First, the High Court had re-examined the entire evidence. Under Section 10-F, the High Court's jurisdiction is limited to questions of law. It cannot act as a second trial court, re-weighing every document and witness statement. The CLB had heard the evidence, seen the witnesses, and made its findings. The High Court had no power to redo that work.
Second, the High Court had decided questions of inheritance. Who gets what under a Will is a civil dispute — a matter for a regular civil court, not for a company law tribunal hearing an oppression petition. The Supreme Court held that questions of title and inheritance of shares are "alien to proceedings under Sections 397/398" and cannot be adjudicated in oppression or mismanagement petitions. A company law forum cannot decide who owns the shares; it can only decide how the company is being run.
Third, the High Court had directed that the mother be appointed as a whole-time director despite her being over 70 years of age. Under Section 196 read with Schedule V of the Companies Act, 2013, no person can be appointed as a whole-time director after the age of 70 unless a special resolution (a resolution passed by at least 75% of shareholders) approves it. The High Court had no power to override a statutory requirement. A court cannot direct a company to violate the law.
The Duomatic Principle: when all members agree, formalities can wait
The Supreme Court also applied a principle from English company law that had rarely been tested in India: the Duomatic Principle (the rule that if all shareholders with voting rights consent to a transaction, the lack of a formal board meeting does not make the transaction invalid).
The principle comes from a 1969 English case, In Re: Duomatic Ltd., where the court held that where all members of a company with a right to attend and vote at a general meeting assent to a matter, that matter is as binding as if it had been passed at a formal meeting.
The Supreme Court held that the Duomatic Principle applies in India, provided the transactions are bona fide (done in good faith) and no fraud is alleged.

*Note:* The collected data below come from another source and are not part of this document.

lemma linear_graph_total:
  assumes lin: "linear_graph M" and total: "\<And>x. \<exists>a. (x,a) \<in> M"
  obtains h where "linear h" "\<And>x a. (x,a) \<in> M \<Longrightarrow> h x = a" "\<And>x. (x, h x) \<in> M"
proof -
  have Mf: "\<And>x a b. (x,a)\<in>M \<Longrightarrow> (x,b)\<in>M \<Longrightarrow> a = b"
    and Ma: "\<And>x a y b. (x,a)\<in>M \<Longrightarrow> (y,b)\<in>M \<Longrightarrow> (x+y, a+b)\<in>M"
    and Ms: "\<And>x a t. (x,a)\<in>M \<Longrightarrow> (t *\<^sub>R x, t*a)\<in>M"
    using lin unfolding linear_graph_def by blast+
  define h where "h x = (THE a. (x,a) \<in> M)" for x
  have hM: "(x, h x) \<in> M" for x
  proof -
    obtain a where a: "(x,a) \<in> M" using total by blast
    show ?thesis unfolding h_def by (rule theI[where a=a]) (use a Mf in blast)+
  qed
  have hval: "(x,a) \<in> M \<Longrightarrow> h x = a" for x a using hM Mf by blast
  have "linear h"
  proof (rule linearI)
    show "h (x + y) = h x + h y" for x y using hval[OF Ma[OF hM hM]] .
    show "h (r *\<^sub>R x) = r *\<^sub>R h x" for r x using hval[OF Ms[OF hM]] by simp
  qed
  then show ?thesis using that hval hM by blast
qed

text \<open>The Hahn--Banach theorem for a sublinear functional \<open>p\<close>, in graph form: by Zorn's lemma
  there is a maximal dominated graph, which is total by \<open>dominated_graph_extend\<close>.\<close>
lemma dominated_linear_extension:
  assumes sub: "\<And>x y. p (x + y) \<le> p x + p y"
    and hom: "\<And>t x. t > 0 \<Longrightarrow> p (t *\<^sub>R x) = t * p x"
    and good: "dominated_graph p G0 G0"
  shows "\<exists>h. linear h \<and> (\<forall>x a. (x,a) \<in> G0 \<longrightarrow> h x = a) \<and> (\<forall>x. h x \<le> p x)"
proof -
  have "\<forall>C\<in>chains {G. dominated_graph p G0 G}. \<exists>U\<in>{G. dominated_graph p G0 G}. \<forall>X\<in>C. X \<subseteq> U"
  proof
    fix C assume C: "C \<in> chains {G. dominated_graph p G0 G}"
    show "\<exists>U\<in>{G. dominated_graph p G0 G}. \<forall>X\<in>C. X \<subseteq> U"
    proof (cases "C = {}")
      case True then show ?thesis using good by blast
    next
      case False then show ?thesis using dominated_graph_Union_chain[OF C False] by blast
    qed
  qed
  from Zorn_Lemma2[OF this] obtain M where M: "dominated_graph p G0 M"
    and max: "\<And>X. dominated_graph p G0 X \<Longrightarrow> M \<subseteq> X \<Longrightarrow> X = M" by blast
  have "\<exists>a. (x,a) \<in> M" for x
    using dominated_graph_extend[OF sub hom M, of x] max by blast
  moreover have "linear_graph M" using M unfolding dominated_graph_def by blast
  ultimately obtain h where "linear h" "\<And>x a. (x,a) \<in> M \<Longrightarrow> h x = a" "\<And>x. (x, h x) \<in> M"
    using linear_graph_total by metis
  with M show ?thesis unfolding dominated_graph_def by blast
qed
lemma frobenius_inner_off_pattern:
  assumes V: "off_pattern n H V = V"
  shows "frobenius_inner V (off_pattern n H W) = frobenius_inner V W"
proof -
  have dims: "dim_row V = n" "dim_col V = n"
    using off_pattern_dim V by metis+
  have "V $$ (i,j) * off_pattern n H W $$ (i,j) = V $$ (i,j) * W $$ (i,j)" if "i < n" "j < n" for i j
    using index_off_pattern[OF that, of H V] index_off_pattern[OF that, of H W] V by auto
  then show ?thesis
    unfolding frobenius_inner_def dims by (intro sum.cong refl) auto
qed

lemma frobenius_inner_self_eq_0:
  assumes K: "K \<in> carrier_mat nr nc" and "frobenius_inner K K = 0"
  shows "K = 0\<^sub>m nr nc"
proof (rule eq_matI)
  fix i j assume "i < dim_row (0\<^sub>m nr nc)" "j < dim_col (0\<^sub>m nr nc)"
  then have ij: "i < nr" "j < nc" by auto
  have "\<forall>i \<in> {..<nr}. (\<Sum>j<nc. K $$ (i,j) * K $$ (i,j)) = 0"
    using assms by (subst sum_nonneg_eq_0_iff[symmetric]) (auto simp: frobenius_inner_def intro!: sum_nonneg)
  then have "\<forall>j \<in> {..<nc}. K $$ (i,j) * K $$ (i,j) = 0"
    using ij by (subst sum_nonneg_eq_0_iff[symmetric]) auto
  then show "K $$ (i,j) = 0\<^sub>m nr nc $$ (i,j)"
    using ij by auto
qed (use K in auto)

(* The linear part of Q |-> off_pattern n H (Q A Q^T) at Q = 1 in the skew direction [A, X]. *)
definition ssp_operator :: "nat \<Rightarrow> (nat \<Rightarrow> nat \<Rightarrow> bool) \<Rightarrow> real mat \<Rightarrow> real mat \<Rightarrow> real mat" where
  "ssp_operator n H A X = off_pattern n H (commutator (commutator A X) A)"

(* Extended by the identity off the test matrices, to get an endomorphism of all n x n matrices. *)
definition ssp_operator_ext :: "nat \<Rightarrow> (nat \<Rightarrow> nat \<Rightarrow> bool) \<Rightarrow> real mat \<Rightarrow> real mat \<Rightarrow> real mat" where
  "ssp_operator_ext n H A X = ssp_operator n H A (sym_off_pattern n H X) + (X - sym_off_pattern n H X)"

lemma ssp_operator_carrier [simp]: "ssp_operator n H A X \<in> carrier_mat n n"
  by (simp add: ssp_operator_def)

lemma off_pattern_ssp_operator [simp]: "off_pattern n H (ssp_operator n H A X) = ssp_operator n H A X"
  by (simp add: ssp_operator_def)

lemma linear_ssp_operator: "A \<in> carrier_mat n n \<Longrightarrow> linear_mat_map n n (ssp_operator n H A)"
proof -
  assume A: "A \<in> carrier_mat n n"
  have inner: "linear_mat_map n n (\<lambda>X. A * X - X * A)"
    using A by (intro linear_mat_map_minus linear_mat_map_mult_left linear_mat_map_mult_right)
  have outer: "linear_mat_map n n (\<lambda>K. K * A - A * K)"
    using A by (intro linear_mat_map_minus linear_mat_map_mult_left linear_mat_map_mult_right)
  have "ssp_operator n H A = (\<lambda>X. off_pattern n H ((\<lambda>K. K * A - A * K) (A * X - X * A)))"
    by (simp add: fun_eq_iff ssp_operator_def commutator_def)
  then show ?thesis
    using linear_mat_map_compose[OF linear_off_pattern linear_mat_map_compose[OF outer inner]] by simp
qed
text \<open>Inner regularity: an open set is the directed union of the open sets whose closure
  it contains.\<close>
lemma normal_open_measure_inner_closedin:
  assumes "regular_space X" "openin X W" "\<epsilon> > 0"
  shows "\<exists>C. closedin X C \<and> C \<subseteq> W \<and> \<nu> (W - C) \<le> \<epsilon>"
proof -
  define D where "D = {U. openin X U \<and> X closure_of U \<subseteq> W}"
  have "\<Union>D = W"
  proof
    show "\<Union>D \<subseteq> W"
    proof
      fix x assume "x \<in> \<Union>D"
      then obtain U where "U \<in> D" "x \<in> U" by blast
      then show "x \<in> W" using closure_of_subset[OF openin_subset, of X U] unfolding D_def by blast
    qed
    show "W \<subseteq> \<Union>D"
      using regular_space_closure_of_subset_openin[OF assms(1,2)] unfolding D_def by blast
  qed
  moreover have D: "D \<noteq> {}" "\<forall>U\<in>D. openin X U" "\<forall>A\<in>D. \<forall>B\<in>D. \<exists>C\<in>D. A \<union> B \<subseteq> C"
  proof -
    have "{} \<in> D" unfolding D_def by simp
    then show "D \<noteq> {}" by blast
    show "\<forall>U\<in>D. openin X U" unfolding D_def by blast
    have "A \<union> B \<in> D" if "A \<in> D" "B \<in> D" for A B
      using that unfolding D_def by (auto simp: closure_of_Un)
    then show "\<forall>A\<in>D. \<forall>B\<in>D. \<exists>C\<in>D. A \<union> B \<subseteq> C" by blast
  qed
  ultimately have "\<nu> W = (SUP U\<in>D. \<nu> U)"
    using normal_open_measure_directed_Union[OF D] by simp
  then have "\<nu> W - \<epsilon> < (SUP U\<in>D. \<nu> U)" using \<open>\<epsilon> > 0\<close> by linarith
  moreover have "bdd_above (\<nu> ` D)"
    by (rule bdd_aboveI2[where M = "\<nu> (topspace X)"])
      (use D(2) normal_open_measure_le_topspace in blast)
  ultimately obtain U where U: "openin X U" "X closure_of U \<subseteq> W" "\<nu> W - \<epsilon> < \<nu> U"
    using less_cSUP_iff[OF D(1)] unfolding D_def by blast
  have open_diff: "openin X (W - X closure_of U)" using assms by (simp add: openin_diff)
  have "U \<subseteq> X closure_of U" using closure_of_subset[OF openin_subset[OF U(1)]] .
  then have "(W - X closure_of U) \<inter> U = {}" "(W - X closure_of U) \<union> U \<subseteq> W"
    using U(2) by blast+
  then have "\<nu> (W - X closure_of U) + \<nu> U \<le> \<nu> W"
    using normal_open_measure_Un_disjoint[OF open_diff U(1)]
      normal_open_measure_mono[OF openin_Un[OF open_diff U(1)] assms(2)] by simp
  then show ?thesis using U by (intro exI[of _ "X closure_of U"]) auto
qed
lemma reach_delete_non_bridge:
  assumes non_bridge: "\<forall>h\<in>e. reach (H - e) \<alpha> lab (lab h) (lab (\<alpha> h))"
    and "reach H \<alpha> lab u v"
  shows "reach (H - e) \<alpha> lab u v"
  using assms(2) unfolding reach_def
proof (induction rule: rtranclp_induct)
  case base
  then show ?case by simp
next
  case (step y z)
  from step.hyps(2) obtain h where h: "h \<in> H" "lab h = y" "lab (\<alpha> h) = z"
    unfolding adj_def by blast
  show ?case
  proof (cases "h \<in> e")
    case True
    then have "(adj (H - e) \<alpha> lab)\<^sup>*\<^sup>* y z"
      using non_bridge h unfolding reach_def by blast
    then show ?thesis using step.IH by (rule rtranclp_trans[rotated])
  next
    case False
    then have "adj (H - e) \<alpha> lab y z"
      using h unfolding adj_def by blast
    then show ?thesis using step.IH by (rule rtranclp.rtrancl_into_rtrancl[rotated])
  qed
qed

lemma static_component_eq_all_vertices:
  assumes "connected_rg H \<alpha> lab n" and "static_data H \<alpha> lab n e I J"
    and "\<not> is_bridge H \<alpha> lab e"
  shows "I \<union> J = {1..n}"
proof -
  obtain u where u: "u \<in> {1..n}" and component: "I \<union> J = {v\<in>{1..n}. reach (H - e) \<alpha> lab u v}"
    using assms(2) unfolding static_data_def by blast
  have "reach (H - e) \<alpha> lab u v" if "v \<in> {1..n}" for v
  proof (rule reach_delete_non_bridge)
    show "\<forall>h\<in>e. reach (H - e) \<alpha> lab (lab h) (lab (\<alpha> h))"
      using assms(3) unfolding is_bridge_def by blast
    show "reach H \<alpha> lab u v"
      using assms(1) u that unfolding connected_rg_def by blast
  qed
  with component show ?thesis by auto
qed

lemma static_data_lab_alpha_in_iff:
  assumes rg: "ribbon_graph H \<sigma> \<alpha> lab n" and static: "static_data H \<alpha> lab n e I J"
    and cover: "I \<union> J = {1..n}" and x: "x \<in> H - e"
  shows "lab (\<alpha> x) \<in> I \<longleftrightarrow> lab x \<notin> I"
proof -
  from static have "I \<inter> J = {}"
    and bipartite: "\<forall>h\<in>H - e. lab h \<in> I \<union> J \<longrightarrow> (lab h \<in> I \<longleftrightarrow> lab (\<alpha> h) \<in> J)"
    unfolding static_data_def by simp_all
  from rg have "lab ` H = {1..n}" and "\<alpha> permutes H"
    unfolding ribbon_graph_def by simp_all
  then have "lab x \<in> I \<union> J" and "lab (\<alpha> x) \<in> I \<union> J"
    using x cover by (auto simp: permutes_in_image)
  with \<open>I \<inter> J = {}\<close> bipartite x show ?thesis
    by blast
qed

lemma static_edge_meets_odd_face:
  assumes rg: "ribbon_graph H \<sigma> \<alpha> lab n" and static: "static_data H \<alpha> lab n e I J"
    and cover: "I \<union> J = {1..n}" and F: "F \<in> faces H \<sigma> \<alpha>" and odd: "odd (card F)"
  shows "F \<inter> e \<noteq> {}"
proof -
  have "\<forall>x\<in>H. (lab (\<sigma> x) \<in> I) = (lab x \<in> I)"
    using ribbon_graph_lab_sigma[OF rg] by simp
  then obtain x where "x \<in> F" and "(lab (\<alpha> x) \<in> I) = (lab x \<in> I)"
    using odd_face_has_monochromatic_half_edge[OF rg _ F odd, where c = "\<lambda>x. lab x \<in> I"]
    by blast
  moreover have "x \<in> H"
    using face_subset_half_edges[OF rg F] \<open>x \<in> F\<close> by blast
  ultimately have "x \<in> e"
    using static_data_lab_alpha_in_iff[OF rg static cover, of x] by blast
  with \<open>x \<in> F\<close> show ?thesis by blast
qed

lemma static_edge_meets_every_face:
  assumes "ribbon_graph H \<sigma> \<alpha> lab n" and "static_data H \<alpha> lab n e I J"
    and "I \<union> J = {1..n}" and "face_degrees H \<sigma> \<alpha> = mset \<kappa>" and "odd_composition \<kappa>"
  shows "\<forall>F\<in>faces H \<sigma> \<alpha>. F \<inter> e \<noteq> {}"
proof
  fix F assume F: "F \<in> faces H \<sigma> \<alpha>"
  have "finite H"
    using assms(1) unfolding ribbon_graph_def by simp
  then have "odd (card F)"
    using assms(4,5) F by (rule odd_card_face)
  with assms(1-3) F show "F \<inter> e \<noteq> {}"
    by (rule static_edge_meets_odd_face)
qed

lemma in_wall_indicator:
  assumes "\<forall>s\<in>{1..p}. i \<notin> A s \<and> i \<notin> B s"
  shows "in_wall p A B (\<lambda>j. if j = i then 1 else 0)"
proof -
  have "(\<Sum>j\<in>S. if j = i then 1 else 0 :: real) = 0" if "i \<notin> S" for S
    using that by (intro sum.neutral) auto
  then show ?thesis
    using assms unfolding in_wall_def by simp
qed

lemma forced_weight_indicator_nonzero:
  assumes "finite I" and "finite J" and "I \<inter> J = {}" and "i \<in> I \<union> J"
  shows "forced_weight br I J (\<lambda>j. if j = i then 1 else 0) \<noteq> 0"
  using assms unfolding forced_weight_def by auto

lemma forced_weight_vanishing_on_wall_avoids:
  assumes vanish: "\<forall>b. in_wall p A B b \<longrightarrow> forced_weight br I J b = 0"
    and "finite I" and "finite J" and "I \<inter> J = {}"
    and "\<forall>s\<in>{1..p}. i \<notin> A s \<and> i \<notin> B s"
  shows "i \<notin> I \<union> J"
proof
  assume "i \<in> I \<union> J"
  with assms(2,3,4) have "forced_weight br I J (\<lambda>j. if j = i then 1 else 0) \<noteq> 0"
    by (rule forced_weight_indicator_nonzero)
  moreover have "in_wall p A B (\<lambda>j. if j = i then 1 else 0)"
    using assms(5) by (rule in_wall_indicator)
  ultimately show False
    using vanish by blast
qed

lemma forced_weight_vanishing_on_wall_imp_empty_core:
  assumes "admissible_partition \<kappa> n p I0 A B"
    and vanish: "\<forall>b. in_wall p A B b \<longrightarrow> forced_weight br I J b = 0"
    and cover: "I \<union> J = {1..n}" and "I \<inter> J = {}"
  shows "I0 = {}"
proof (rule equals0I)
  fix i assume "i \<in> I0"
  with assms(1) cover have "\<forall>s\<in>{1..p}. i \<notin> A s \<and> i \<notin> B s" and "i \<in> I \<union> J"
    unfolding admissible_partition_def by auto
  moreover have "finite I" and "finite J"
    using cover by (metis finite_Un finite_atLeastAtMost)+
  ultimately show False
    using forced_weight_vanishing_on_wall_avoids[OF vanish] \<open>I \<inter> J = {}\<close> by blast
qed

theorem lemma5p3:
  fixes H :: "'h set" and \<sigma> \<alpha> :: "'h \<Rightarrow> 'h" and lab :: "'h \<Rightarrow> nat"
    and g n p :: nat and \<kappa> :: "nat list"
    and I0 :: "nat set" and A B :: "nat \<Rightarrow> nat set"
    and e :: "'h set" and I J :: "nat set"
  assumes "odd_composition \<kappa>"
    and "p \<ge> 1"
    and "admissible_partition \<kappa> n p I0 A B"
    and "RG g n \<kappa> H \<sigma> \<alpha> lab"
    and "static_data H \<alpha> lab n e I J"
    and "\<forall>b. in_wall p A B b \<longrightarrow> forced_weight (is_bridge H \<alpha> lab e) I J b = 0"
  shows "is_bridge H \<alpha> lab e"
proof (rule ccontr)
  assume not_bridge: "\<not> is_bridge H \<alpha> lab e"
  from assms(4) have rg: "ribbon_graph H \<sigma> \<alpha> lab n" and con: "connected_rg H \<alpha> lab n"
    and degrees: "face_degrees H \<sigma> \<alpha> = mset \<kappa>"
    unfolding RG_def by simp_all
  from assms(5) have edge: "e \<in> edges H \<alpha>" and "I \<inter> J = {}"
    unfolding static_data_def by simp_all
  have cover: "I \<union> J = {1..n}"
    by (rule static_component_eq_all_vertices[OF con assms(5) not_bridge])
  have "I0 = {}"
    using assms(3,6) cover \<open>I \<inter> J = {}\<close> by (rule forced_weight_vanishing_on_wall_imp_empty_core)
  with assms(3) have "length \<kappa> \<ge> 3"
    unfolding admissible_partition_def by simp
  from rg edge_finite[OF edge] static_edge_meets_every_face[OF rg assms(5) cover degrees assms(1)]
  have "card (faces H \<sigma> \<alpha>) \<le> card e"
    by (rule card_faces_le_hitting_set)
  also have "\<dots> \<le> 2"
    using edge by (rule edge_card_le_2)
  finally show False
    using card_faces_eq_length[OF degrees] \<open>length \<kappa> \<ge> 3\<close> by simp
qed

end
lemma mul_1_sub_uv_inv_div_1_sub_uv_inv:
  assumes "\<And>a b. a \<le> 0 \<Longrightarrow> F a b = 0"
  shows "mul_1_sub_uv_inv c (div_1_sub_uv_inv c F) = F"
proof (intro ext)
  fix a b
  show "mul_1_sub_uv_inv c (div_1_sub_uv_inv c F) a b = F a b"
  proof (cases "a \<ge> 1")
    case True
    then have "nat a = Suc (nat (a - 1))" by simp
    then show ?thesis
      unfolding mul_1_sub_uv_inv_def div_1_sub_uv_inv_def
      by (simp only: sum.lessThan_Suc_shift) (simp add: sum_distrib_left mult.assoc algebra_simps)
  next
    case False
    then show ?thesis by (simp add: mul_1_sub_uv_inv_def div_1_sub_uv_inv_nonpos_fst assms)
  qed
qed

lemma mul_u_sub_v_inj:
  assumes "mul_u_sub_v F = mul_u_sub_v G" and "\<And>a b. a \<le> 0 \<Longrightarrow> F a b = G a b"
  shows "F = G"
proof -
  have "\<forall>b. F (int n) b = G (int n) b" for n
  proof (induction n)
    case (Suc n)
    show ?case
    proof
      fix b
      have "mul_u_sub_v F (int n) b = mul_u_sub_v G (int n) b"
        using assms(1) by simp
      then show "F (int (Suc n)) b = G (int (Suc n)) b"
        using Suc.IH by (simp add: mul_u_sub_v_def add.commute)
    qed
  qed (simp add: assms(2))
  then show ?thesis
    by (metis assms(2) ext nonneg_int_cases linorder_linear)
qed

In this case, all three daughters — who together held 100% of the voting shares after the Will — had consented to the board meetings and the transfer of shares. There was no allegation of fraud. The meetings were valid even without strict adherence to every procedural requirement. The courtroom fell silent as the bench read this finding — a quiet that seemed to underline the finality of the daughters' consent.
The settlement that ended the war
The Supreme Court did not simply set aside the High Court order. It brokered a settlement that gave the mother financial security without giving her control of the company. The order, dated 6 April 2022, in Civil Appeal No. 2776-2778 of 2022, was read out in a hushed courtroom.
Dr. Renuka Datla was appointed Emeritus Consultant to the company — a lifetime position with dignity but no operational authority. She would receive ₹65 lakh per month starting 1 April 2022. She would get a lump sum of ₹10 crore by 31 May 2022. The company would provide medical facilities, security, a residence, and other amenities. A resolution to formalise these arrangements would be passed within one month. Both sides gave mutual undertakings to end all litigation.
The CLB order was restored. The daughters remained in control. The mother received what she needed without running what she wanted.
THE PLAY: When all shareholders consent to a transaction, the absence of a formal board meeting does not invalidate it — but only if the transaction is bona fide and no fraud is alleged.
The mother walked away with ₹65 lakh a month and a lifetime of care. The daughters walked away with the company their grandfather built. The Supreme Court walked away with a template for ending family wars without winners or losers.